L’acquirente di un immobile, dopo aver firmato l’acquisto e pagato i relativi diritti, ne ha chiesto la restituzione perché, poco dopo l’acquisto, prima ancora di aver pagato il prezzo, aveva rinunciato a tale acquisto. Il venditore ha ammesso questa rinuncia e le due parti hanno firmato una transazione.

Una disposizione del Codice Fiscale

Essendo stata “risolta” la vendita, cioè annullata, ritrovandosi tutti nella situazione precedente, l’acquirente aveva chiesto all’erario la restituzione dei dazi pagati, ma si era trovato di fronte ad un rifiuto. La legge esclude la restituzione, ha affermato l’amministrazione fiscale. Tuttavia, ha osservato l’ex acquirente, c’era una ragione reale per questo annullamento.

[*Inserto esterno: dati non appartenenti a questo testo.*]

(* Let $\gamma$ be a locally monotone Jordan curve with a continuous periodic parametrisation $\gamma:\mathbb{R}\to\mathbb{C}$ and local monotonicity constant $\mu$. Let $\varphi:\mathbb{R}\to\mathbb{R}_{\ge0}$ be smooth, supported in $[-1,1]$, with $\int_{\mathbb{R}}\varphi=1$, and for $\varepsilon>0$ set \[ \gamma_\varepsilon(s)=\int_{\mathbb{R}}\frac1\varepsilon\varphi\!\left(\frac u\varepsilon\right)\gamma(s-u)\,du . \] Let $\mu_\varepsilon$ be the local monotonicity constant of $\gamma_\varepsilon$ (which for sufficiently small $\varepsilon$ is a smooth locally monotone Jordan curve). Then $\liminf_{\varepsilon\to0}\mu_\varepsilon\ge\mu$.
   Context: Locally monotone: a Jordan curve with periodic parametrisation $\gamma$ is locally monotone if for every $\theta\in\mathbb{R}$ there are an open interval $U_\theta=(\theta_1,\theta_2)\ni\theta$ and a unit vector $v_\theta\in\mathbb{R}^2$ such that $g_{v_\theta}(s)=\gamma(s)\cdot v_\theta$ is strictly monotone on $U_\theta$. For such a pair put $\mu(\theta,v_\theta,U_\theta)=\min\{|g_{v_\theta}(\theta)-g_{v_\theta}(\theta_1)|,|g_{v_\theta}(\theta)-g_{v_\theta}(\theta_2)|\}$, let $\mu(\theta)$ be the maximal (supremal) value of $\mu(\theta,v_\theta,U_\theta)$ over all admissible pairs, and define the local monotonicity constant of $\gamma$ as $\mu=\min_{\theta\in\mathbb{R}}\mu(\theta)$ (infimum). *)

theory Defs
  imports "HOL-Analysis.Analysis"
begin

definition periodic_jordan_param :: "(real \<Rightarrow> complex) \<Rightarrow> bool" where
  "periodic_jordan_param \<gamma> \<longleftrightarrow> continuous_on UNIV \<gamma> \<and>
     (\<exists>T>0. (\<forall>s. \<gamma> (s + T) = \<gamma> s) \<and> inj_on \<gamma> {0..<T})"

definition gproj :: "(real \<Rightarrow> complex) \<Rightarrow> complex \<Rightarrow> real \<Rightarrow> real" where
  "gproj \<gamma> v s = \<gamma> s \<bullet> v"

definition strictly_monotone_on :: "real set \<Rightarrow> (real \<Rightarrow> real) \<Rightarrow> bool" where
  "strictly_monotone_on U g \<longleftrightarrow>
     (\<forall>x\<in>U. \<forall>y\<in>U. x < y \<longrightarrow> g x < g y) \<or> (\<forall>x\<in>U. \<forall>y\<in>U. x < y \<longrightarrow> g x > g y)"

definition admissible :: "(real \<Rightarrow> complex) \<Rightarrow> real \<Rightarrow> complex \<Rightarrow> real \<Rightarrow> real \<Rightarrow> bool" where
  "admissible \<gamma> \<theta> v t1 t2 \<longleftrightarrow> t1 < \<theta> \<and> \<theta> < t2 \<and> norm v = 1 \<and>
     strictly_monotone_on {t1<..<t2} (gproj \<gamma> v)"

definition locally_monotone :: "(real \<Rightarrow> complex) \<Rightarrow> bool" where
  "locally_monotone \<gamma> \<longleftrightarrow> (\<forall>\<theta>. \<exists>v t1 t2. admissible \<gamma> \<theta> v t1 t2)"

definition mu_pair :: "(real \<Rightarrow> complex) \<Rightarrow> real \<Rightarrow> complex \<Rightarrow> real \<Rightarrow> real \<Rightarrow> real" where
  "mu_pair \<gamma> \<theta> v t1 t2 =
     min \<bar>gproj \<gamma> v \<theta> - gproj \<gamma> v t1\<bar> \<bar>gproj \<gamma> v \<theta> - gproj \<gamma> v t2\<bar>"

text \<open>mu(theta): supremum over admissible pairs (extended reals; -\<infinity> if there is none).\<close>
definition mu_at :: "(real \<Rightarrow> complex) \<Rightarrow> real \<Rightarrow> ereal" where
  "mu_at \<gamma> \<theta> = (SUP p \<in> {(v, t1, t2). admissible \<gamma> \<theta> v t1 t2}.
                    ereal (case p of (v, t1, t2) \<Rightarrow> mu_pair \<gamma> \<theta> v t1 t2))"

Qualunque sia il motivo, ha osservato la Corte di Cassazione, qualunque sia il motivo per cui la vendita è stata risolta, ad esempio il mancato soddisfacimento di una condizione successiva prevista, l’esercizio di un diritto di riscatto o anche il mancato pagamento del prezzo, dazi regolarmente riscossi perché dovuti al momento del loro pagamento “non sono soggetti a restituzione” secondo il codice tributario generale.